- Gillmoss Location within Merseyside
- OS grid reference: SJ383954
- Metropolitan borough: Liverpool;
- Metropolitan county: Merseyside;
- Region: North West;
- Country: England
- Sovereign state: United Kingdom
- Post town: LIVERPOOL
- Postcode district: L11
- Dialling code: 0151
- Police: Merseyside
- Fire: Merseyside
- Ambulance: North West
- UK Parliament: Liverpool West Derby;

= Gillmoss =

Area of Liverpool, England

Gillmoss is an area in north Liverpool, Merseyside, England, located between Croxteth, Fazakerley and Kirkby.

==Description==
Gillmoss is a predominantly industrial area with little residential housing although pockets exist around the East Lancashire Road, and parts have been described as a 'ghost town' after years of decay. More recently, a commercial development known as Stonebridge Park has been built as part of regeneration project in this part of north Liverpool which currently houses Euro Foodbrands Export Ltd, P.A Foods Ltd and Healthy Foods Online Ltd.

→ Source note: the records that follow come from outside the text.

(* Let $S$ be a subspace of $\mathcal{A}\otimes\mathcal{B}$ (finite-dimensional). If there is a PPT-definite operator $\sigma$ with $\operatorname{supp}(\sigma)\subseteq S$, then $S$ is strongly PPT-unextendible.
   Context: A bipartite positive semidefinite operator $E\in\mathcal{L}(\mathcal{A}\otimes\mathcal{B})$ is PPT if its partial transpose $E^{T_B}$ (defined by $(|i\rangle\langle k|\otimes|j\rangle\langle l|)^{T_B}=|i\rangle\langle k|\otimes|l\rangle\langle j|$) is positive semidefinite, and PPT-definite if $E\ge 0$ and $E^{T_B}$ is positive definite. A subspace $S\subseteq\mathcal{A}\otimes\mathcal{B}$ is PPT-extendible if there exists a nonzero PPT operator whose support is contained in the orthogonal complement $S^\perp$; $S$ is strongly PPT-unextendible if for every positive integer $k$, $S^{\otimes k}\subseteq\mathcal{A}^{\otimes k}\otimes\mathcal{B}^{\otimes k}$ is not PPT-extendible (with respect to the bipartition $\mathcal{A}^{\otimes k}:\mathcal{B}^{\otimes k}$). *)

theory Defs
  imports Complex_Main
begin

text \<open>Finite-dimensional Hilbert spaces are modelled concretely: a space with
orthonormal basis indexed by a finite set I consists of the functions
v :: 'i \<Rightarrow> complex vanishing outside I; operators are matrices
E :: 'i \<Rightarrow> 'i \<Rightarrow> complex, of which only the block I \<times> I matters.
The bipartite space A \<otimes> B has basis index set X \<times> Y.\<close>

definition vecs :: "'i set \<Rightarrow> ('i \<Rightarrow> complex) set" where
  "vecs I = {v. \<forall>i. i \<notin> I \<longrightarrow> v i = 0}"

definition cinner :: "'i set \<Rightarrow> ('i \<Rightarrow> complex) \<Rightarrow> ('i \<Rightarrow> complex) \<Rightarrow> complex" where
  "cinner I u v = (\<Sum>i\<in>I. cnj (u i) * v i)"

definition opapply :: "'i set \<Rightarrow> ('i \<Rightarrow> 'i \<Rightarrow> complex) \<Rightarrow> ('i \<Rightarrow> complex) \<Rightarrow> ('i \<Rightarrow> complex)" where
  "opapply I E v = (\<lambda>i. if i \<in> I then (\<Sum>j\<in>I. E i j * v j) else 0)"

definition op_nonzero :: "'i set \<Rightarrow> ('i \<Rightarrow> 'i \<Rightarrow> complex) \<Rightarrow> bool" where
  "op_nonzero I E \<longleftrightarrow> (\<exists>i\<in>I. \<exists>j\<in>I. E i j \<noteq> 0)"

definition psd :: "'i set \<Rightarrow> ('i \<Rightarrow> 'i \<Rightarrow> complex) \<Rightarrow> bool" where
  "psd I E \<longleftrightarrow> (\<forall>i\<in>I. \<forall>j\<in>I. E i j = cnj (E j i)) \<and>
     (\<forall>v \<in> vecs I. Im (cinner I v (opapply I E v)) = 0 \<and> Re (cinner I v (opapply I E v)) \<ge> 0)"

definition pos_def :: "'i set \<Rightarrow> ('i \<Rightarrow> 'i \<Rightarrow> complex) \<Rightarrow> bool" where
  "pos_def I E \<longleftrightarrow> psd I E \<and>
     (\<forall>v \<in> vecs I. v \<noteq> (\<lambda>_. 0) \<longrightarrow> Re (cinner I v (opapply I E v)) > 0)"

text \<open>Partial transpose on the second factor:
 (|i><k| \<otimes> |j><l|)^{T_B} = |i><k| \<otimes> |l><j|.\<close>
definition partial_transpose ::
  "(('a \<times> 'b) \<Rightarrow> ('a \<times> 'b) \<Rightarrow> complex) \<Rightarrow> (('a \<times> 'b) \<Rightarrow> ('a \<times> 'b) \<Rightarrow> complex)" where
  "partial_transpose E = (\<lambda>(x, y) (x', y'). E (x, y') (x', y))"

definition ppt :: "('a \<times> 'b) set \<Rightarrow> (('a \<times> 'b) \<Rightarrow> ('a \<times> 'b) \<Rightarrow> complex) \<Rightarrow> bool" where
  "ppt I E \<longleftrightarrow> psd I E \<and> psd I (partial_transpose E)"

definition ppt_definite :: "('a \<times> 'b) set \<Rightarrow> (('a \<times> 'b) \<Rightarrow> ('a \<times> 'b) \<Rightarrow> complex) \<Rightarrow> bool" where
  "ppt_definite I E \<longleftrightarrow> psd I E \<and> pos_def I (partial_transpose E)"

One of Liverpool's largest bus depots, originally built by Liverpool Corporation Transport but now owned by Stagecoach, is based in Gillmoss on the East Lancs Road.

Gillmoss falls between the neighbouring suburbs of Croxteth and Fazakerley with Kirkby nearby. As a small district, it is often merged with Croxteth, a larger suburb of the city.